The NREMT, assuming you pass on the first try, will take ~24 hours or less to know if you passed or not (unless you are taking it on a Friday in which case you will not know until Monday). It takes ~1 week for NREMT to mail your stuff to you. 

For San Diego their website says applications may take as long as 45 days to be processed and that the time to receive a state card may take 5-6 weeks.


----------



## ANissan951 (Oct 12, 2017)

DesertMedic66 said:


> The NREMT, assuming you pass on the first try, will take ~24 hours or less to know if you passed or not (unless you are taking it on a Friday in which case you will not know until Monday). It takes ~1 week for NREMT to mail your stuff to you.
> 
> For San Diego their website says applications may take as long as 45 days to be processed and that the time to receive a state card may take 5-6 weeks.


So do you happen to know if I can obtain my SD County card before taking the NREMT? The program I'm doing is a part of Palomar College so I'm not sure if I would receive my SD County certification by the end of my course, but I'll ask my instructors tomorrow.


----------



## DesertMedic66 (Oct 12, 2017)

ANissan951 said:


> So do you happen to know if I can obtain my SD County card before taking the NREMT? The program I'm doing is a part of Palomar College so I'm not sure if I would receive my SD County certification by the end of my course, but I'll ask my instructors tomorrow.

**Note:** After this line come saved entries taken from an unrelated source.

lemma guarded_justified_not_extending:
  fixes V1 V2 :: "('v::finite, 'b) view" and Wf :: "'v set"
  assumes "justified V1 Cf"
    and "3 * card Wf \<ge> 2 * CARD('v)"
    and guard: "\<And>v S T. v \<in> Wf \<Longrightarrow> Vote v S T \<in> V2 \<Longrightarrow> cp_less S Cf \<Longrightarrow> cp_epoch Cf < cp_epoch T
       \<Longrightarrow> slashable (V1 \<union> V2) v"
  shows "justified V2 J \<Longrightarrow> cp_epoch Cf < cp_epoch J \<Longrightarrow> \<not> chain_prefix (cp_chain Cf) (cp_chain J)
    \<Longrightarrow> third_slashable (V1 \<union> V2)"
proof (induction "cp_epoch J" arbitrary: J rule: less_induct)
  case less
  have "J \<noteq> genesis_cp"
    using less.prems(2) by (auto simp: genesis_cp_def)
  then obtain WJ :: "'v set" where WJ: "3 * card WJ \<ge> 2 * CARD('v)"
    "\<forall>v\<in>WJ. \<exists>S T. Vote v S T \<in> V2 \<and> valid_ffg S T \<and> justified V2 S
        \<and> chain_prefix (cp_chain S) (cp_chain J) \<and> chain_prefix (cp_chain J) (cp_chain T)
        \<and> cp_epoch T = cp_epoch J"
    by (rule justified_nongenesis_quorum[OF less.prems(1)])
  show ?case
  proof (cases "\<exists>v\<in>WJ \<inter> Wf. \<exists>S T. Vote v S T \<in> V2 \<and> valid_ffg S T \<and> justified V2 S
        \<and> chain_prefix (cp_chain S) (cp_chain J) \<and> cp_epoch T = cp_epoch J \<and> \<not> cp_less S Cf")
    case True
    then obtain S T where "valid_ffg S T" "justified V2 S"
        "chain_prefix (cp_chain S) (cp_chain J)" "cp_epoch T = cp_epoch J" "\<not> cp_less S Cf"
      by blast
    have S_not_extending: "\<not> chain_prefix (cp_chain Cf) (cp_chain S)"
      using \<open>chain_prefix (cp_chain S) (cp_chain J)\<close> less.prems(3) chain_prefix_trans by blast
    have "cp_epoch S < cp_epoch J"
      using \<open>valid_ffg S T\<close> \<open>cp_epoch T = cp_epoch J\<close> by (simp add: valid_ffg_def)
    consider "cp_epoch Cf < cp_epoch S"
      | "cp_epoch S = cp_epoch Cf" "slot (cp_chain Cf) \<le> slot (cp_chain S)"
      using \<open>\<not> cp_less S Cf\<close> unfolding cp_less_def cp_le_def by linarith
    then show ?thesis
    proof cases
      case 1
      then show ?thesis
        using less.hyps \<open>cp_epoch S < cp_epoch J\<close> \<open>justified V2 S\<close> S_not_extending by blast
    next
      case 2
      then have "\<not> chain_prefix (cp_chain S) (cp_chain Cf)"
        using S_not_extending chain_prefix_slot_le_eq by fastforce
      then have "conflicting (cp_chain Cf) (cp_chain S)"
        using S_not_extending by (simp add: conflicting_def)
      then show ?thesis
        using conflicting_justified_same_epoch[OF assms(1) \<open>justified V2 S\<close>] 2 by simp
    qed
  next
    case False
    have "slashable (V1 \<union> V2) v" if "v \<in> WJ \<inter> Wf" for v
    proof -
      obtain S T where "Vote v S T \<in> V2" "valid_ffg S T" "justified V2 S"
        "chain_prefix (cp_chain S) (cp_chain J)" "cp_epoch T = cp_epoch J"
        using WJ(2) \<open>v \<in> WJ \<inter> Wf\<close> by blast
      with False \<open>v \<in> WJ \<inter> Wf\<close> have "cp_less S Cf" by blast
      then show ?thesis
        using guard \<open>v \<in> WJ \<inter> Wf\<close> \<open>Vote v S T \<in> V2\<close> \<open>cp_epoch T = cp_epoch J\<close> less.prems(2)
        by simp
    qed
    then show ?thesis
      using third_slashable_if_quorums_slashable[OF WJ(1) assms(2)] by blast
  qed
qed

No. You must have your NREMT card to get your state card. You must show proof of NREMT and your course completion cert to the EMS Agency.


----------



## ANissan951 (Oct 12, 2017)

DesertMedic66 said:


> No. You must have your NREMT card to get your state card. You must show proof of NREMT and your course completion cert to the EMS Agency.

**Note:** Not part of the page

(* Let $n$ be a positive multiple of $4$, $\gamma\in\mathbb{R}$, $|\chi(\gamma)\rangle=\left(\cos(\gamma/4)|0\rangle^{\otimes4}+\sin(\gamma/4)|1\rangle^{\otimes 4}\right)^{\otimes n/4}$ and $\rho_\gamma=|\chi(\gamma)\rangle\langle\chi(\gamma)|$. Define $N_0=1$, $N_2(\gamma)=N_6(\gamma)=4\cos^2(\gamma/2)$, $N_4(\gamma)=6+8\sin^2(\gamma/2)$, $N_8=1$. Then for $\alpha\in\{0,\dots,2n\}$, $$\mathcal{P}_\alpha(\rho_\gamma)=\frac{1}{2^n}\sum_{\substack{i_0,i_2,i_4,i_6,i_8\ge0\\ i_0+i_2+i_4+i_6+i_8=n/4\\ 2i_2+4i_4+6i_6+8i_8=\alpha}}\frac{(n/4)!}{i_0!\,i_2!\,i_4!\,i_6!\,i_8!}\,N_2(\gamma)^{i_2}N_4(\gamma)^{i_4}N_6(\gamma)^{i_6}N_8^{i_8}.$$ In particular $\mathcal{P}_\alpha(\rho_\gamma)=0$ for odd $\alpha$.
   Context: On $\mathcal{H}=(\mathbb{C}^2)^{\otimes n}$ define the Majorana operators $c_{2j-1}=Z^{\otimes(j-1)}\otimes X\otimes\mathbb{1}^{\otimes(n-j)}$ and $c_{2j}=Z^{\otimes(j-1)}\otimes Y\otimes\mathbb{1}^{\otimes(n-j)}$ for $j=1,\dots,n$. For $\alpha=0,\dots,2n$, $\mathcal{L}_\alpha\subseteq\mathcal{L}(\mathcal{H})$ is the span of the products $c_{i_1}\cdots c_{i_\alpha}$ with $1\le i_1<\dots<i_\alpha\le 2n$. The orthonormal basis used consists of the Hermitian Pauli strings (up to sign) in $\mathcal{L}_\alpha$ divided by $\sqrt{2^n}$, and $\mathcal{P}_\alpha(\rho)=\sum_\mu\mathrm{Tr}[B^\mu\rho]^2$ over this basis. *)

theory Defs
  imports Complex_Main
begin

Okay thank you for your help, I appreciate it. Just getting introduced to the EMS world.


----------



## twistedMP (Oct 12, 2017)

I had a copy of my registry card as soon as I passed my written which was 4 hours after I took my test don't know about Cali and SD cards due to living in Ga


----------



## MyNameIsRobert (Oct 12, 2017)

Passed my national on 8/11/17 (Friday) found out I passed the 8/14/17 (Monday). Took about 1 week as DesertMedic said to get nremt card in mail. Sent my stuff to get my state card the next day after receiving it in the mail.(Not sure but I think you can print out your nremt card online or choose it to get sent to you.) Got my LA County State card on 9/12/17. My friend said he went to Santa Fe Springs and picked up his LA County State card himself to hurry up the process. Not sure for you and San Diego but you might want to look into that to see if that is an option.
Applied for McCormick on 9/2/17 (would have applied sooner but...vacation) and got a handshake saying I got the job on 10/4/17.


----------



## hometownmedic5 (Oct 12, 2017)

You can print your NREMT card right off their website 10 seconds after they process your certification. That's the easy part. 

Dealing with the county, that could take awhile...


----------